何故かというと、釈尊が六年苦行の後、山を降りて尼連禅河(にれんぜんが)の畔(ほとり)の菩提樹の下で静座瞑想してサトリを開かれて、第二七日目(だいになぬかめ)にはじめて、その悟つた真理を、何の方便なくそのまま説教せられたのが「華厳経(けごんきょう)」であるからであります。この「華厳経」の題目は、詳しく謂えば『大方広仏華厳経(だいほうこうぶつけごんきょう)』でありまして、このお経の題目を解釈すれば、“大方広仏“即ち凡(あら)ゆる方角に無限に広がっている如来が大方広仏であり、その普遍的如来の生命の展開が大宇宙であり、その構図は蓮華の如く中心に”ス“があって、万物悉くその”ス”より発しそこに還って行くというのであります。
 
 
ところが釈尊が『大方広仏華厳経』をお説きになって、この宇宙に内在する実在の構図を示されたけれども、普賢菩薩ひとりにだけその真意がわかつただけで、他の聴衆にはその真意がわからなかった。

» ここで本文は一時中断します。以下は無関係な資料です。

(* Let $H$ be a weak Hopf algebra, and in ${H_{par}^w}$ put $E_h=[h_1][S(h_2)]$ and $\tilde E_h=[S(h_1)][h_2]$ for $h\in H$. Then for all $h,k\in H$: (a) $E_k[S(h)]=[S(h_1)]E_{h_2k}$; (b) $[h]E_k=E_{h_1k}[h_2]$; (c) $E_{h_1}E_{h_2}=E_h$; (d) $\tilde E_k[h]=[h_1]\tilde E_{kh_2}$; (e) $[S(h)]\tilde E_k=\tilde E_{kh_1}[S(h_2)]$; (f) $\tilde E_{h_1}\tilde E_{h_2}=\tilde E_h$; (g) $[h]E_k=[h_1]E_k\tilde E_{h_2}$; (h) $E_k[S(h)]=\tilde E_{h_1}E_k[S(h_2)]$; (i) $\tilde E_k[h]=E_{h_1}\tilde E_k[h_2]$; (j) $[S(h)]\tilde E_k=[S(h_1)]\tilde E_kE_{h_2}$; (k) $E_h\tilde E_k=\tilde E_kE_h$; (l) if $S$ is invertible, $\tilde E_{kS^{-1}(h_3)h_1}\tilde E_{h_2}=\tilde E_h\tilde E_k$; (m) $E_{h_1S(h_3)}E_{h_2}=E_h$; (n) if $H$ is cocommutative, $E_hE_k=E_kE_h$.
   Context: All algebras are associative and unital over a field $\Bbbk$; Sweedler notation $\Delta(h)=h_1\otimes h_2$, $\Delta^2(h)=h_1\otimes h_2\otimes h_3$. A weak Hopf algebra is $(H,m,u,\Delta,\varepsilon,S)$ with $H$ an algebra, $(H,\Delta,\varepsilon)$ a coalgebra, and for all $g,h,k$: $\Delta(kh)=\Delta(k)\Delta(h)$; $\varepsilon(kh_1)\varepsilon(h_2g)=\varepsilon(khg)=\varepsilon(kh_2)\varepsilon(h_1g)$; $(1\otimes\Delta(1))(\Delta(1)\otimes1)=\Delta^2(1)=(\Delta(1)\otimes1)(1\otimes\Delta(1))$; $h_1S(h_2)=\varepsilon(1_1h)1_2$; $S(h_1)h_2=1_1\varepsilon(h1_2)$; $S(h)=S(h_1)h_2S(h_3)$, where $\Delta(1)=1_1\otimes1_2$. ${H_{par}^w}=T(H)/I$, where $T(H)$ is the tensor algebra of the vector space $H$ and $I$ is the ideal generated by, for all $h,k\in H$: $1_H-1_{T(H)}$; $h\otimes k_1\otimes S(k_2)-hk_1\otimes S(k_2)$; $h\otimes S(k_1)\otimes k_2-hS(k_1)\otimes k_2$; $h_1\otimes S(h_2)\otimes k-h_1\otimes S(h_2)k$; $S(h_1)\otimes h_2\otimes k-S(h_1)\otimes h_2k$; $h-h_1\otimes S(h_2)\otimes h_3$; $[h]$ denotes the class of $h$. *)

theory Defs
  imports Main "HOL.Vector_Spaces"
begin
theorem fact1:
  shows "(\<exists>N. \<forall>r\<ge>N. freq r flush > freq r one_pair) \<and>
         (\<forall>r\<ge>5. freq r flush > freq r one_pair \<longrightarrow> r \<ge> 307)"
proof
  show "\<exists>N. \<forall>r\<ge>N. freq r flush > freq r one_pair"
    using freq_flush_gt_one_pair_iff freq_gap_poly_pos by (intro exI[of _ 307]) auto
  show "\<forall>r\<ge>5. freq r flush > freq r one_pair \<longrightarrow> r \<ge> 307"
  proof (intro allI impI)
    fix r :: nat
    assume "5 \<le> r" "freq r flush > freq r one_pair"
    then have "0 < freq_gap_poly (real r)"
      using freq_flush_gt_one_pair_iff by simp
    then show "r \<ge> 307"
      using freq_gap_poly_neg_nat[of r] \<open>5 \<le> r\<close> by fastforce
  qed
qed

end
(* Let $G$ be a finite, simple, undirected, connected graph that is $C_4$-free, has order $n$, diameter $d$, and edge-connectivity at least $3$. Then $$d\leq \frac{2n-3}{5}.$$
   Context: A graph is $C_4$-free if it contains no cycle of length four as a (not necessarily induced) subgraph. The edge-connectivity of a connected graph is the minimum number of edges whose removal disconnects it. *)

theory Defs
  imports Complex_Main
begin

definition simple_graph :: "'a set \<Rightarrow> ('a \<Rightarrow> 'a \<Rightarrow> bool) \<Rightarrow> bool" where
  "simple_graph V E \<longleftrightarrow> finite V \<and> (\<forall>x y. E x y \<longrightarrow> x \<in> V \<and> y \<in> V)
     \<and> (\<forall>x y. E x y \<longrightarrow> E y x) \<and> (\<forall>x. \<not> E x x)"

text \<open>A walk of length (length xs - 1) given as its vertex sequence.\<close>
definition is_walk :: "'a set \<Rightarrow> ('a \<Rightarrow> 'a \<Rightarrow> bool) \<Rightarrow> 'a list \<Rightarrow> bool" where
  "is_walk V E xs \<longleftrightarrow> xs \<noteq> [] \<and> set xs \<subseteq> V \<and>
     (\<forall>i. Suc i < length xs \<longrightarrow> E (xs ! i) (xs ! Suc i))"

definition connected_graph :: "'a set \<Rightarrow> ('a \<Rightarrow> 'a \<Rightarrow> bool) \<Rightarrow> bool" where
  "connected_graph V E \<longleftrightarrow> V \<noteq> {} \<and>
     (\<forall>u\<in>V. \<forall>v\<in>V. \<exists>xs. is_walk V E xs \<and> hd xs = u \<and> last xs = v)"

definition gdist :: "'a set \<Rightarrow> ('a \<Rightarrow> 'a \<Rightarrow> bool) \<Rightarrow> 'a \<Rightarrow> 'a \<Rightarrow> nat" where
  "gdist V E u v = (LEAST k. \<exists>xs. is_walk V E xs \<and> hd xs = u \<and> last xs = v \<and> length xs = Suc k)"

definition diameter :: "'a set \<Rightarrow> ('a \<Rightarrow> 'a \<Rightarrow> bool) \<Rightarrow> nat" where
  "diameter V E = Max {gdist V E u v | u v. u \<in> V \<and> v \<in> V}"

definition C4_free :: "('a \<Rightarrow> 'a \<Rightarrow> bool) \<Rightarrow> bool" where
  "C4_free E \<longleftrightarrow> \<not> (\<exists>a b c d. distinct [a, b, c, d] \<and> E a b \<and> E b c \<and> E c d \<and> E d a)"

そこで釈尊はこの「華厳経」を竜宮へ秘めて置いて、道徳修養を主とするような『阿含経』のようなお経をお説きになつていて、それ以後は久しく宇宙構図の奏を顕わさなかったのであります。
 
 
『大方広仏華厳経』が竜宮に秘められていたということには、深い象徴的意義があるのであります。竜宮というのは、あの浦島太郎の神話で御存知の竜宮であります。竜宮とは浜の砂を掘って、三池炭鉱のように深く深く海の底へ沈んで往つたら、そこが竜宮というようなお伽噺ではないのであります。竜宮とは海の底であります。一切のものを「生(う)み出す根底(こんてい)」の世界「生(う)みの底(そこ)」のことであります。換言すれば創造の本源世界のことであります。創造の本源世界は、時間空間以前の世界でありますから、超時間の世界です。だから浦島太郎が竜宮海に往っていた間は年が寄らなかったという神話になっているのであります。